По поводу зычности его голоса, которым он совсем не умел владеть, Терни и мать рассказывали, что однажды на каком-то профессорском сборище в залах университета мать тихонько спросила отца про человека, стоявшего в нескольких шагах от них.
– Кто такой? – гаркнул во всю глотку отец, так что все обернулись. – Я тебе скажу, кто он такой! Он дурак, каких мало!
Отец не терпел анекдотов, которые рассказывали мы с матерью; анекдоты в нашем доме назывались «байками», и мы обожали слушать и рассказывать их. А отец прямо из себя выходил. Из «баек» он выносил только антифашистские да еще старые, времен своей молодости, которые они с матерью и Лопесами частенько вспоминали по вечерам. Кое-какие из этих анекдотов казались ему слишком сальными, так что в нашем присутствии он старался рассказывать их шепотом, хотя, насколько помнится, они были совсем невинные. Голос его тогда превращался в гулкое рокотание, и в нем отчетливо различались многие слова, в особенности слово «кокотка», часто употреблявшееся в этих бородатых анекдотах: его отец силился выговаривать как можно тише, и благодаря этому оно выходило особенно смачно.
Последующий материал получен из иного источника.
(* Let $y,l,u\in\mathcal{R}(\mathbb{R}^{+},\mathbb{R})$ be such that $l\leq u$, $l_0\leq y_0\leq u_0$, and $\inf_{s\leq t}(u_s-l_s)>0$ for every $t\geq 0$. Let $(x,k)$ with $k=\phi^1-\phi^2$ and $(\tilde{x},\tilde{k})$ with $\tilde{k}=\tilde{\phi}^1-\tilde{\phi}^2$ be two solutions of the reflection problem $RP^u_l(y)$. Then: (i) $\{t:\Delta^{+}\phi^1_t>0\}\cap\{t:\Delta^{+}\phi^2_t>0\}=\emptyset$; (ii) $\{t:\Delta^{+}\phi^1_t>0\}=\{t:\Delta^{+}\tilde{\phi}^1_t>0\}$ and $\{t:\Delta^{+}\phi^2_t>0\}=\{t:\Delta^{+}\tilde{\phi}^2_t>0\}$.
   Context: A function $f:\mathbb{R}^+=[0,\infty)\to\mathbb{R}$ is regulated if it has a left limit $f_{t^-}$ at every $t>0$ and a right limit $f_{t^+}$ at every $t\geq0$; $\mathcal{R}(\mathbb{R}^{+},\mathbb{R})$ is the set of regulated functions. Write $\Delta^+f_t=f_{t^+}-f_t$, $\Delta^-f_t=f_t-f_{t^-}$, $a\wedge b=\min(a,b)$, $a\vee b=\max(a,b)$. A regulated function $\phi$ of bounded variation (on every $[0,t]$) decomposes as $\phi_t=\phi^c_t+\sum_{0<s\leq t}\Delta^-\phi_s+\sum_{0\leq s<t}\Delta^+\phi_s$ with $\phi^c$ continuous; its right-continuous part is $\phi^r_t=\phi^c_t+\sum_{0<s\leq t}\Delta^-\phi_s$. Reflection problem $RP^u_l(y)$: for $y,l,u\in\mathcal{R}(\mathbb{R}^{+},\mathbb{R})$ with $l_0\leq y_0\leq u_0$, a pair $(x,k)$ of regulated functions is a solution if there exist $\phi^1,\phi^2$ such that: (i) $x=y+k=y+\phi^1-\phi^2$; (ii) $l\leq x\leq u$; (iii) $\phi^1,\phi^2$ are non-decreasing with $\phi^1_0=\phi^2_0=0$; (iv) $\int_{[0,\infty[}\big((x_s-l_s)\wedge(x_{s^+}-l_{s^+})\big)\,d\phi^{1,r}_s=\int_{[0,\infty[}\big((u_s-x_s)\wedge(u_{s^+}-x_{s^+})\big)\,d\phi^{2,r}_s=0$; (v) for every $t\geq0$, $\sum_{s\leq t}(x_{s^+}-l_{s^+})\Delta^+\phi^1_s=\sum_{s\leq t}(u_s-x_s)\Delta^+\phi^1_s=0$ and $\sum_{s\leq t}(u_{s^+}-x_{s^+})\Delta^+\phi^2_s=\sum_{s\leq t}(x_s-l_s)\Delta^+\phi^2_s=0$. Here $\phi^{i,r}$ is the right-continuous part of $\phi^i$. *)

theory Defs
  imports "HOL-Analysis.Analysis"
begin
Отец вставал всегда в четыре утра. Проснувшись, он первым делом шел проверять, закис ли «медзорадо» – йогурт, который его научили делать пастухи на Сардинии. В те годы он еще не вошел в моду и не продавался, как теперь, во всех молочных барах. В потреблении йогурта, как и во многих других вопросах, отец был пионером. Скажем, зимний спорт в то время тоже еще не вошел в моду, и отец был, пожалуй, единственным человеком в Турине, который ходил на лыжах. Как только выпадал первый снег, отец взваливал на плечи лыжи и отправлялся в субботу вечером в Клавье. В то время еще не было ни лыжной базы в Сестрьере, ни отелей в Червинии. Он ночевал обычно в горном шале под названием «Хижина Маутино». Иногда он тащил с собой братьев или кого-нибудь из своих ассистентов, увлекавшихся горными лыжами. Лыжи он величал по-английски «ski». Кататься отец научился еще в юности, в Норвегии. Возвращаясь домой в воскресенье вечером, он неизменно ворчал, что снег плохой: то слишком сухой, то слишком липкий. Так же и своим «медзорадо» он никогда не был доволен: либо, говорил, слишком жидкий, либо слишком густой.
– Лидия! «Медзорадо» не удался! – гремел он в коридоре.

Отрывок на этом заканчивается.